Bisher wurden Koronarinterventionen mittels Röntgenbildgebung in Herzkatheterlaboren gesteuert und durchgeführt. In letzter Zeit hat dabei aber auch die Bedeutung der live 3D-Ultraschall-Bildgebung zur Darstellung komplexer Strukturen des Herzens zugenommen. Die Philips/Maquet-Hybrid OP-Lösung vereint nun die Hygienevorgaben und die Instrumente herkömmlicher OP-Räume mit den Röntgen- und Ultraschall-Bildgebungssystemen sowie den Strahlenschutzbestimmungen von Herzkatheterlaboren.

 

Das Philips Allura Xper FD20C ist ein flexibles Röntgensystem mit großem 20-Zoll-Flachdetektor für die minimalinvasive Herzchirurgie.

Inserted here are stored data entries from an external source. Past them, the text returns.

lemma mittag_leffler1_has_real_derivative:
  assumes "0 < a"
  shows "(mittag_leffler1 a has_real_derivative mittag_leffler a a z / a) (at z)"
proof -
  define c where "c m = rGamma (a * real m + 1)" for m
  have sc: "summable (\<lambda>m. c m * y ^ m)" for y
    unfolding c_def using assms by (rule summable_mittag_leffler1_series)
  have E: "mittag_leffler1 a = (\<lambda>z. \<Sum>m. c m * z ^ m)"
    by (simp add: fun_eq_iff mittag_leffler1_def mittag_leffler_def c_def rGamma_inverse_Gamma
        divide_inverse mult.commute)
  have "a * (diffs c m * z ^ m) = z ^ m / Gamma (a * real m + a)" for m
  proof -
    have "a * diffs c m = rGamma (a * real m + a)"
      using rGamma_plus1[of "a * real (Suc m)"] by (simp add: diffs_def c_def algebra_simps)
    then have "a * (diffs c m * z ^ m) = rGamma (a * real m + a) * z ^ m"
      by (simp only: mult.assoc[symmetric])
    then show ?thesis
      by (simp add: rGamma_inverse_Gamma divide_inverse mult.commute)
  qed
  then have "a * (\<Sum>m. diffs c m * z ^ m) = mittag_leffler a a z"
    unfolding mittag_leffler_def suminf_mult[OF termdiff_converges_all[OF sc, of z], symmetric]
    by simp
  then have "(\<Sum>m. diffs c m * z ^ m) = mittag_leffler a a z / a"
    using assms by (simp add: field_simps)
  then show ?thesis
    using termdiffs_strong_converges_everywhere[OF sc, of z] by (simp only: E)
qed

definition scaled_w_term :: "real \<Rightarrow> real \<Rightarrow> nat \<Rightarrow> nat \<Rightarrow> real" where
  "scaled_w_term a c k n = (-1) ^ k * c ^ (k + 1)
     * (rGamma_approx (a * real k + a) n - real n powr (- a) * rGamma_approx (a * real k) n)"

lemma real_mult_w_series_eq:
  assumes "0 \<le> a" "0 \<le> c" "1 \<le> n" "c * real n powr (- a) * exp a < 1"
  shows "real n * w_series a (c * real n powr (- a)) n = (\<Sum>k. scaled_w_term a c k n)"
proof -
  define lam where "lam = c * real n powr (- a)"
  have "real n * w_series a lam n
          = (\<Sum>k. real n * ((-1) ^ k * lam ^ (k + 1) * fps_nth (w_layer_fps a (Suc k)) n))"
    unfolding w_series_def
    using assms by (intro suminf_mult[symmetric] summable_w_series) (auto simp: lam_def)
  also have "\<dots> = (\<Sum>k. scaled_w_term a c k n)"
  proof (rule suminf_cong)
    fix k
    let ?P = "real n * (real n powr (- a)) ^ (k + 1)"
    have n: "0 < real n" using assms by simp
    have "(real n powr (- a)) ^ (k + 1) = (real n powr (- a)) powr real (k + 1)"
      using n by (intro powr_realpow[symmetric]) simp
    also have "\<dots> = real n powr (- a * real (k + 1))"
      by (rule powr_powr)
    finally have P1: "?P = real n powr (1 - (a * real k + a))"
      using n by (simp add: powr_mult_base algebra_simps)
    have P0: "?P = real n powr (- a) * real n powr (1 - a * real k)"
      unfolding P1 by (simp add: powr_add[symmetric] algebra_simps)
    have "real n * ((-1) ^ k * lam ^ (k + 1) * fps_nth (w_layer_fps a (Suc k)) n)
            = (-1) ^ k * c ^ (k + 1) * (?P * neg_binomial_coeff (a * real k + a) n
                                       - ?P * neg_binomial_coeff (a * real k) n)"
      by (simp add: lam_def fps_nth_w_layer_fps_Suc power_mult_distrib algebra_simps)
    also have "\<dots> = scaled_w_term a c k n"
      unfolding scaled_w_term_def rGamma_approx_def
      by (subst (1) P1, subst P0) (simp add: mult_ac)
    finally show "real n * ((-1) ^ k * lam ^ (k + 1) * fps_nth (w_layer_fps a (Suc k)) n)
                    = scaled_w_term a c k n" .
  qed
  finally show ?thesis by (simp add: lam_def)
qed

lemma scaled_w_term_LIMSEQ:
  assumes "0 < a"
  shows "(\<lambda>n. scaled_w_term a c k n) \<longlonglongrightarrow> (-1) ^ k * c ^ (k + 1) * rGamma (a * real k + a)"
proof -
  have "(\<lambda>n. real n powr (- a)) \<longlonglongrightarrow> 0"
    using assms by (intro tendsto_neg_powr filterlim_real_sequentially) auto
  then have "(\<lambda>n. scaled_w_term a c k n)
               \<longlonglongrightarrow> (-1) ^ k * c ^ (k + 1) * (rGamma (a * real k + a) - 0 * rGamma (a * real k))"
    unfolding scaled_w_term_def by (intro tendsto_intros rGamma_approx_LIMSEQ)
  then show ?thesis by simp
qed

lemma norm_scaled_w_term_le:
  assumes "0 < a" "0 \<le> c" "1 \<le> a * real k" "1 \<le> N" "N \<le> n"
  shows "norm (scaled_w_term a c k n)
           \<le> c ^ (k + 1) * (rGamma_approx (a * real k + a) N + rGamma_approx (a * real k) N)"
proof -
  let ?g1 = "rGamma_approx (a * real k + a) n" and ?g0 = "rGamma_approx (a * real k) n"
  have g_le: "?g1 \<le> rGamma_approx (a * real k + a) N" "?g0 \<le> rGamma_approx (a * real k) N"
    using assms by (intro rGamma_approx_antimono; simp)+
  have g_nonneg: "0 \<le> ?g1" "0 \<le> ?g0"
    using assms by (auto intro!: rGamma_approx_nonneg)
  have "1 \<le> real n powr a"
    using assms by (intro ge_one_powr_ge_zero) auto
  then have p: "0 \<le> real n powr (- a)" "real n powr (- a) \<le> 1"
    by (auto simp: powr_minus intro: inverse_le_1_iff[THEN iffD2])
  then have "real n powr (- a) * ?g0 \<le> ?g0"
    using g_nonneg by (simp add: mult_left_le_one_le)
  then have abs_le: "\<bar>?g1 - real n powr (- a) * ?g0\<bar> \<le> ?g1 + ?g0"
    using g_nonneg mult_nonneg_nonneg[OF p(1) g_nonneg(2)] unfolding abs_le_iff by simp
  have "norm (scaled_w_term a c k n) = c ^ (k + 1) * \<bar>?g1 - real n powr (- a) * ?g0\<bar>"
    using assms by (simp add: scaled_w_term_def abs_mult power_abs)
  also have "\<dots> \<le> c ^ (k + 1) * (rGamma_approx (a * real k + a) N + rGamma_approx (a * real k) N)"
    using abs_le g_le assms by (intro mult_left_mono) auto
  finally show ?thesis .
qed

Der Philips Allura  HeartNavigator überlagert die im Vorwege erstellten dreidimensionalen CT Bilder der Herzens, mit den Bildern der Live-Durchleuchtung, die während des Eingriffs gewonnen werden. Damit ist die virtuelle Klappenimplantation und die Planung der einzelnen Schritte möglich, bevor der Eingriff real erfolgt. Der Maquet MAGNUS OP-Tisch ist mit einer Karbonfaser-Tischplatte ausgestattet, die nahezu 360°-Röntgendurchlässigkeit bietet, um eine optimale Bildqualität zu erzielen. Der Tisch ist in sechs Versionen mit verschiedenen Längen und Verfahrwegen erhältlich. Das Bildgebungssystem kommuniziert synchron mit dem Tisch, um optimale Bildergebnisse und einen reibungslosen OP-Ablauf zu gewährleisten. Maquet bietet darüber hinaus eine individuelle Raumplanung an, die auf Basis einer hochentwickelten 3D-Simulationssoftware stattfindet. Wände, Deckenkonstruktionen mit Laminar-Airflow-Feld, Beleuchtung und weitere Installationselemente können individuell angefertigt und installiert werden.

 

„Durch die effiziente Kombination von Komponenten aus dem Herzkatheterlabor und aus dem OP-Saal bietet dieser Hybrid-OP die idealen Voraussetzungen, um die Behandlungsqualität der Patienten zu steigern“, so Uwe Hubrig Produktspezialist Cardiovascular von Philips. „Minimalinvasive Eingriffe führen im Allgemeinen zu einer schnelleren Genesung, was sowohl ein Vorteil für die Patienten als auch für die Leistungsträger ist.“

 

Das Hybrid-OP-Konzept ist ein wichtiger Durchbruch, denn es ermöglicht die Zusammenarbeit unterschiedlicher Fachgebiete. Medizinische Experten gehen davon aus, dass sie auf dieser Grundlage eine größere Patientengruppe behandeln und die Kosten von Eingriffen und deren Nachsorge senken können.

 

Live-Demonstrationen des Hybrid-OP werden am Maquet-Stand (Halle 9 D50/51) präsentiert. Eine „Virtual Reality“-Präsentation des Hybrid-OP wird am Stand von Philips Healthcare (Halle 10 A22) zu sehen sein, an dem auch alle technischen Informationen zur Verfügung stehen.

Bild 1

Im Hybrid-OP können Herzoperationen dank der Bildgebung minimalinvasiv durchgeführt werden. 

Bild 2

Der Arzt verfolgt auf dem Bildschirm den Weg des Katheters während der minimalinvasiven Herz-OP.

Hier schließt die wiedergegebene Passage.